Это были следователь Степан (одна из пропавших воспитательниц была подругой его жены, так что он имел свои резоны) и криминальный психиатр Вадим Рудольфович.

Настоящих серийных убийц Вадим Рудольфович перевидал немало и никак не мог причислить к ним уборщицу. Нет, он не собирался снимать обвинения в убийстве мальчика. Но что эта бабушка могла порешить ещё семерых взрослых человек и два десятка детей, а потом так ловко спрятать трупы, что их до сих пор не нашли — в это слабо верилось. Да и вся история продолжала пестрить «белыми пятнами».

Существует ли на самом деле связь между убийством и исчезновениями? Что об этом известно остальным работникам детдома? Есть ли надежда, что пропавшие люди ещё живы? Все эти вопросы привели Степана и Вадима Рудольфовича к порогу детдома.

Расспрашивать дирекцию и управляющих не было никакого смысла. Вершки делали всё, что бы выставить своё заведение «чистеньким» (насколько, конечно, это было теперь возможно). Поэтому следователи отправились к персоналу, охочему до слухов и сплетен — поварам, уборщицам, нянечкам, медсёстрам. Расспрашивали как бы невзначай, прикидываясь парой любопытных зевак, а не представителями закона. Разумеется, каждый пересказывал события по-своему, но при этом они вполне логично складывались в цельную историю.

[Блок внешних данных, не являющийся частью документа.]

lemma minor_in_R_fix_a: assumes "4 \<le> l" "minor_in_R l a b c d" "a' \<in> {1..Suc l}" shows "\<exists>b1 c1 d1. minor_in_R l a' b1 c1 d1"
proof -
  obtain f where f: "f \<in> {1..Suc l}" "f \<notin> {a,b,c,d}" using exists_index_outside4[OF assms(1)] by blast
  have dd: "distinct [a,b,c,d]" using assms(2) by (simp add: minor_in_R_def)
  consider "a' = a" | "a' = b" | "a' = c" | "a' = d" | "a' \<notin> {b,c,d}" by auto
  then show ?thesis
  proof cases
    case 1 then show ?thesis using assms(2) by blast
  next
    case 2
    have "minor_in_R l a f c d" using minor_in_R_row2[OF assms(2) f(1)] f(2) by auto
    then have "minor_in_R l a' f c d" using minor_in_R_row[OF _ assms(3)] 2 f dd by auto
    then show ?thesis by blast
  next
    case 3
    have "minor_in_R l a b f d" using minor_in_R_col[OF assms(2) f(1)] f(2) by auto
    then have "minor_in_R l a' b f d" using minor_in_R_row[OF _ assms(3)] 3 f dd by auto
    then show ?thesis by blast
  next
    case 4
    have "minor_in_R l a b c f" using minor_in_R_col2[OF assms(2) f(1)] f(2) by auto
    then have "minor_in_R l a' b c f" using minor_in_R_row[OF _ assms(3)] 4 f dd by auto
    then show ?thesis by blast
  next
    case 5
    then show ?thesis using minor_in_R_row[OF assms(2) assms(3)] by blast
  qed
qed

Когда мозаика была собрана воедино, у Степана и Вадима Рудольфовича мгновенно пропало желание продолжать расследование. Более того — оба они вскоре покинули родной город.

Навсегда.

Убитого мальчика звали Андрей. Среди всех детей-уродцев он был на особом положении. Андрей родился с синдромом Тричера Коллинза.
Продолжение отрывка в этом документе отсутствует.